Below are some of the learnings from the discussion on “Emerging Paradigms of Adjacent Engineering Verticals” from the 13th NASSCOM Design and Engineering Summit held in Oct 2021
Digitalization has accelerated across various sectors, especially post Covid. There has been an emergence of new solution domains within Digital Engineering across sectors like healthcare. Increasingly, companies in the healthcare sector are exploring newer technologies and are creating disruptions with innovative solutions.
Healthcare sector has been at the forefront in the past 2 years. One of the key requirements in the healthcare sector across the globe has been to build a more resilient healthcare system, so in the event of the next crisis, everyone is in a better position to cope with it and that there is continuity of care delivery. Therefore, it is necessary to develop and implement people-centric technologies and challenge ways of working and redefine roles that facilitate better interaction within the teams.

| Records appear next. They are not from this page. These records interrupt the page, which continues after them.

subsection \<open>The block Fourier matrix\<close>

lemma cis_root_of_unity_ne_1:
  fixes k l m :: nat
  assumes "k < m" "l < m" "k \<noteq> l"
  shows "cis (2 * pi * (real l - real k) / real m) \<noteq> 1"
proof
  assume c: "cis (2 * pi * (real l - real k) / real m) = 1"
  have "cos (2 * pi * (real l - real k) / real m) = 1"
    using arg_cong[OF c, of Re] by simp
  then obtain n :: int where n: "2 * pi * (real l - real k) / real m = of_int n * 2 * pi"
    using cos_one_2pi_int by blast
  have "real m > 0" using assms by simp
  with n have "2 * pi * (real l - real k) = 2 * pi * (of_int n * real m)"
    by (simp add: field_simps)
  then have "real l - real k = of_int n * real m" using pi_gt_zero by simp
  then have e: "int l - int k = n * int m"
    by (metis of_int_eq_iff of_int_mult of_int_diff of_int_of_nat_eq)
  show False
  proof (cases "n = 0")
    case True
    with e assms show False by simp
  next
    case False
    then have "\<bar>n\<bar> \<ge> 1" by linarith
    then have "\<bar>n * int m\<bar> \<ge> int m" by (simp add: abs_mult mult_le_cancel_right1)
    moreover have "\<bar>int l - int k\<bar> < int m" using assms by linarith
    ultimately show False using e by simp
  qed
qed

lemma sum_roots_of_unity_orthogonal:
  fixes k l m :: nat
  assumes "k < m" "l < m"
  shows "(\<Sum>a<m. cnj (cis (2*pi*real a*real k/real m)) * cis (2*pi*real a*real l/real m))
         = (if k = l then of_nat m else 0)"
proof -
  define z where "z = cis (2 * pi * (real l - real k) / real m)"
  have t: "cnj (cis (2*pi*real a*real k/real m)) * cis (2*pi*real a*real l/real m) = z ^ a" for a
  proof -
    have "- (2*pi*real a*real k/real m) + 2*pi*real a*real l/real m
        = real a * (2 * pi * (real l - real k) / real m)"
      by (simp add: algebra_simps diff_divide_distrib)
    then show ?thesis unfolding z_def by (simp add: cis_cnj cis_mult DeMoivre)
  qed
  show ?thesis
  proof (cases "k = l")
    case True
    then show ?thesis unfolding t z_def by simp
  next
    case False
    have "real m > 0" using assms by simp
    then have "z ^ m = cis (2 * pi * (real l - real k))"
      unfolding z_def DeMoivre by simp
    also have "\<dots> = 1" by (simp add: Ints_diff)
    finally have "z ^ m = 1" .
    moreover have "(\<Sum>a<m. z ^ a) = (z ^ m - 1) / (z - 1)"
      by (rule geometric_sum[OF cis_root_of_unity_ne_1[OF assms False, folded z_def]])
    ultimately show ?thesis unfolding t using False by simp
  qed
qed

lemma sum_residue_class:
  fixes d m r :: nat and f :: "nat \<Rightarrow> 'a::comm_monoid_add"
  assumes "r < d"
  shows "(\<Sum>p<d*m. if p mod d = r then f p else 0) = (\<Sum>a<m. f (a*d + r))"
proof (induction m)
  case (Suc m)
  have split: "(\<Sum>p<d*Suc m. g p) = (\<Sum>p<d*m. g p) + (\<Sum>a<d. g (d*m+a))" for g :: "nat \<Rightarrow> 'a"
    using sum_lessThan_split[of "d*m" "d*Suc m" g] by simp
  have "(\<Sum>a<d. if (d*m+a) mod d = r then f (d*m+a) else 0) = f (m*d + r)"
    using assms by (simp add: mult.commute cong: if_cong)
  then show ?case using Suc assms unfolding split by simp
qed simp

text \<open>\<open>F\<^sub>m \<otimes> I\<^sub>d\<close>, with \<open>F\<^sub>m\<close> the unitary discrete Fourier matrix of order \<open>m\<close>.\<close>

definition block_fourier :: "nat \<Rightarrow> nat \<Rightarrow> complex mat" where
  "block_fourier d m = mat (d*m) (d*m) (\<lambda>(p,c). if p mod d = c mod d then
     cis (2*pi*real (p div d)*real (c div d)/real m) / complex_of_real (sqrt (real m)) else 0)"

lemma block_fourier_carrier [simp]: "block_fourier d m \<in> carrier_mat (d*m) (d*m)"
  unfolding block_fourier_def by simp

lemma dim_block_fourier [simp]:
  "dim_row (block_fourier d m) = d*m" "dim_col (block_fourier d m) = d*m"
  unfolding block_fourier_def by simp_all

lemma cnj_block_fourier_mult:
  assumes p: "p < d*m" and k: "k < d*m" and l: "l < d*m"
  shows "cnj (block_fourier d m $$ (p,k)) * block_fourier d m $$ (p,l) =
    (if k mod d = l mod d then (if p mod d = k mod d then
       cnj (cis (2*pi*real (p div d)*real (k div d)/real m))
         * cis (2*pi*real (p div d)*real (l div d)/real m) / of_nat m
     else 0) else 0)"
proof -
  have "real m > 0" using p by (cases "m = 0") simp_all
  then have "cnj (complex_of_real (sqrt (real m))) * complex_of_real (sqrt (real m)) = of_nat m"
    by (simp flip: of_real_mult)
  then show ?thesis unfolding block_fourier_def using p k l by (auto simp: divide_simps)
qed

lemma block_fourier_unitary:
  assumes m: "m > 0"
  shows "unitary_mat (d*m) (block_fourier d m)"
proof (rule unitary_matI_left)
  let ?F = "block_fourier d m"
  show F: "?F \<in> carrier_mat (d*m) (d*m)" by simp
  show "cadj ?F * ?F = 1\<^sub>m (d*m)"
  proof (rule eq_carrier_matI[of _ "d*m" "d*m"])
    fix k l assume k: "k < d*m" and l: "l < d*m"
    have d: "d > 0" using k by (cases "d = 0") simp_all
    define T where "T p = cnj (cis (2*pi*real (p div d)*real (k div d)/real m))
      * cis (2*pi*real (p div d)*real (l div d)/real m) / of_nat m" for p
    have "(cadj ?F * ?F) $$ (k,l) = (\<Sum>p<d*m. cnj (?F $$ (p,k)) * ?F $$ (p,l))"
      using k l by (simp add: index_mult_mat_sum)
    also have "\<dots> = (\<Sum>p<d*m. if k mod d = l mod d then (if p mod d = k mod d then T p else 0) else 0)"
      using k l unfolding T_def by (intro sum.cong refl) (simp add: cnj_block_fourier_mult)
    also have "\<dots> = (if k mod d = l mod d \<and> k div d = l div d then 1 else 0)"
    proof (cases "k mod d = l mod d")
      case True
      have "(\<Sum>p<d*m. if p mod d = k mod d then T p else 0) = (\<Sum>a<m. T (a*d + k mod d))"
        using d by (intro sum_residue_class) simp
      also have "\<dots> = (\<Sum>a<m. cnj (cis (2*pi*real a*real (k div d)/real m))
          * cis (2*pi*real a*real (l div d)/real m)) / of_nat m"
        unfolding T_def using d by (simp add: sum_divide_distrib)
      also have "\<dots> = (if k div d = l div d then 1 else 0)"
        using sum_roots_of_unity_orthogonal[OF div_less_of_less_mult[OF k] div_less_of_less_mult[OF l]] m
        by simp
      finally show ?thesis using True by simp
    qed simp
    also have "\<dots> = 1\<^sub>m (d*m) $$ (k,l)"
      using k l by (metis div_mult_mod_eq index_one_mat(1))
    finally show "(cadj ?F * ?F) $$ (k,l) = 1\<^sub>m (d*m) $$ (k,l)" .
  qed (use F in \<open>simp_all add: mult_carrier_sq cadj_carrier_mat\<close>)
qed

lemma index_block_fourier_conj_diag:
  assumes k: "k < d*m" and l: "l < d*m" and kl: "k div d = l div d"
  shows "(cadj (block_fourier d m) * mat_diag (d*m) (\<lambda>p. complex_of_real (lam p)) * block_fourier d m) $$ (k,l)
       = (if k mod d = l mod d then complex_of_real (\<Sum>a<m. lam (a*d + k mod d)) / of_nat m else 0)"
proof -
  let ?F = "block_fourier d m"
  have d: "d > 0" using k by (cases "d = 0") simp_all
  have "(cadj ?F * mat_diag (d*m) (\<lambda>p. complex_of_real (lam p)) * ?F) $$ (k,l)
      = (\<Sum>p<d*m. complex_of_real (lam p) * (cnj (?F $$ (p,k)) * ?F $$ (p,l)))"
    using index_mult_mat_diag_cadj[of "cadj ?F" "d*m" k l] k l by (simp add: cadj_carrier_mat mult_ac)
  also have "\<dots> = (\<Sum>p<d*m. if k mod d = l mod d then
      (if p mod d = k mod d then complex_of_real (lam p) / of_nat m else 0) else 0)"
    using k l kl by (intro sum.cong refl) (simp add: cnj_block_fourier_mult cis_cnj cis_mult)
  also have "\<dots> = (if k mod d = l mod d then complex_of_real (\<Sum>a<m. lam (a*d + k mod d)) / of_nat m else 0)"
    using d by (simp add: sum_residue_class sum_divide_distrib)
  finally show ?thesis by simp
qed
lemma residue_primroot_prime_square_imp_prime:
  assumes p: "prime p" and g: "residue_primroot (p ^ 2) g"
  shows "residue_primroot p g"
proof -
  have p1: "p > 1" using p prime_gt_1_nat by blast
  have cop: "coprime p g" using g by (simp add: residue_primroot_def)
  define d where "d = ord p g"
  have "[g ^ d = 1] (mod p)" unfolding d_def using ord_works by blast
  then have "[int g ^ d = 1] (mod int p)" by (metis cong_int_iff of_nat_1 of_nat_power)
  then have "[int g ^ (d * p) = 1] (mod int p ^ 2)"
    using cong_one_imp_power_prime_cong_one[OF p] by (simp add: power_mult)
  then have "ord (p ^ 2) g dvd d * p"
    using ord_divides by (metis cong_int_iff of_nat_1 of_nat_power)
  moreover have "ord (p ^ 2) g = p * (p - 1)"
    using g totient_prime_power_Suc[OF p, of 1] by (simp add: residue_primroot_def numeral_2_eq_2)
  ultimately have "p - 1 dvd d" using p1 by (simp add: mult.commute)
  moreover have "\<not> p dvd g"
    using coprime_common_divisor_nat[OF cop dvd_refl] p1 by auto
  then have "d dvd p - 1"
    unfolding d_def using fermat_theorem[OF p] ord_divides by blast
  ultimately have "d = p - 1" by (simp add: dvd_antisym)
  then show ?thesis using p1 cop p by (simp add: residue_primroot_def d_def totient_prime)
qed

lemma residue_primroot_prime_square_lift:
  assumes p: "prime p" "odd p" and g: "residue_primroot (p ^ 2) g" and k: "k > 0"
  shows "residue_primroot (p ^ k) g"
proof -
  have p1: "p > 1" using p prime_gt_1_nat by blast
  have ord2: "ord (p ^ 2) g = p * (p - 1)"
    using g totient_prime_power_Suc[OF p(1), of 1] by (simp add: residue_primroot_def numeral_2_eq_2)
  have "[g ^ (p - 1) \<noteq> 1] (mod p\<^sup>2)"
  proof
    assume "[g ^ (p - 1) = 1] (mod p\<^sup>2)"
    then have "p * (p - 1) dvd p - 1" using ord2 ord_divides by metis
    then have "p * (p - 1) \<le> p - 1" using p1 by (intro dvd_imp_le) auto
    then show False using p1 by simp
  qed
  then show ?thesis
    using residue_primroot_prime_lift_iff[OF p residue_primroot_prime_square_imp_prime[OF p(1) g]] k
    by blast
qed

One critical point that needs more consideration is a thorough look into care pathways. There are many ineffective ways of care pathways with high levels of waste. One must learn from other industries including supply chain or manufacturing industries and implement repeatable and predictable processes and avoid missteps in diagnosis and treatments. Silos existing in healthcare delivery need to be done away with. In many cases, care teams do not have free-flowing information and hence are not able to collaborate with other multi-disciplinary care teams. Further complications are added when the data access is not seamless due to geographical constraints and the effects are felt by the patients as well as the care teams. Technology has a huge role to play in overcoming all these challenges.
How can technology be leveraged differently in the healthcare sector?
- Increasingly, more and more hospitals and healthcare units are moving towards a more cohesive networked care.
- There has to be further acceleration of remote care using tools like telehealth, tele-consults and virtual care delivered through media like Zoom, Google Meet etc.
- There is a need to create a design provocation, thereby creating a model of distributive care. The future of hospital may not be in a monolithic building but in a series of different care settings. Unconventional places of accessing healthcare like pharmacies or retail places (shopping malls) can be used in the future. In addition, more access to healthcare at home is also another model that could define the future of healthcare. All these distributed care centres can be then connected to a care co-ordination centre and the clinicians can oversee whether the care is delivered or not.
- There should be more incentives in keeping the community healthy, and on patient outcomes. For example, in North America, if a treated patient comes back for treatment after 30 days, there is no reimbursement from the insurance companies. That motivates the healthcare professionals to keep the patient healthy.
- Technology can help in remote monitoring of the patient. E.g. for a cardio patient, who had a treatment for a heart problem, can be provided with wearable devices with high acuity monitoring with the same degree of monitoring, had they been in the hospital bed. This can now be enabled from the comfort of the patient’s home. And then one can apply algorithms to that data to monitor the patient 24/7 to see any early detection of any problem or deterioration in the patient’s health to intervene for preventive care and avoid future hospitalization. It is necessary to make use of technology to interpret the patient data.
What skills are needed to solve the challenges faced due to use of technology in healthcare?
- Soon, more and more systems within the overall healthcare system will be connected. Cloud computing will be used much more in MRI, CTs etc. Even other healthcare units like pathology labs, and genomics as well are expected to use algorithms to spot patterns to create insights into medical and clinical data.
- At the point of care, data will be used to provide clinical diagnostic support to facilitate the clinicians to make a more informed and precise diagnosis and individualized and tailored treatment plan.
- It is also important to understand how the data will be interpreted and used and the technology tools must be agile enough to take into consideration the context of the data and make it easier to use by the clinicians. In the past, when electronic medical records were introduced, they were supposed to create one stop database for all the medical records and ease the burden on the physicians. However, due to complicated system interface, the doctors are not interacting with the patients and gaining insights from the cues given by them and are rather focused on data input into the system to create a record of the patient, when they should be focused on the patient care. More technology into clinical workflows should not undercut the human experience and allow more interaction and face time of the doctors with the patients.
Is there an issue of ethics when algorithms are used in healthcare?
- Wherever patient data is involved, it is important to use that data in an ethical manner. The hospitals and companies in the healthcare sector need to create principles or ethics regarding security and privacy of the data and how one can derive value from that data for the benefit of the patients and society at large.
- One must check the robustness of the algorithms and data and if the model is fair and avoids biases as well.
- In case of use of AI, transparency regarding the fundamentals of the AI must also be examined.
- Security of data must be taken at the highest priority and protection against vulnerabilities and management of that data should be of prime importance.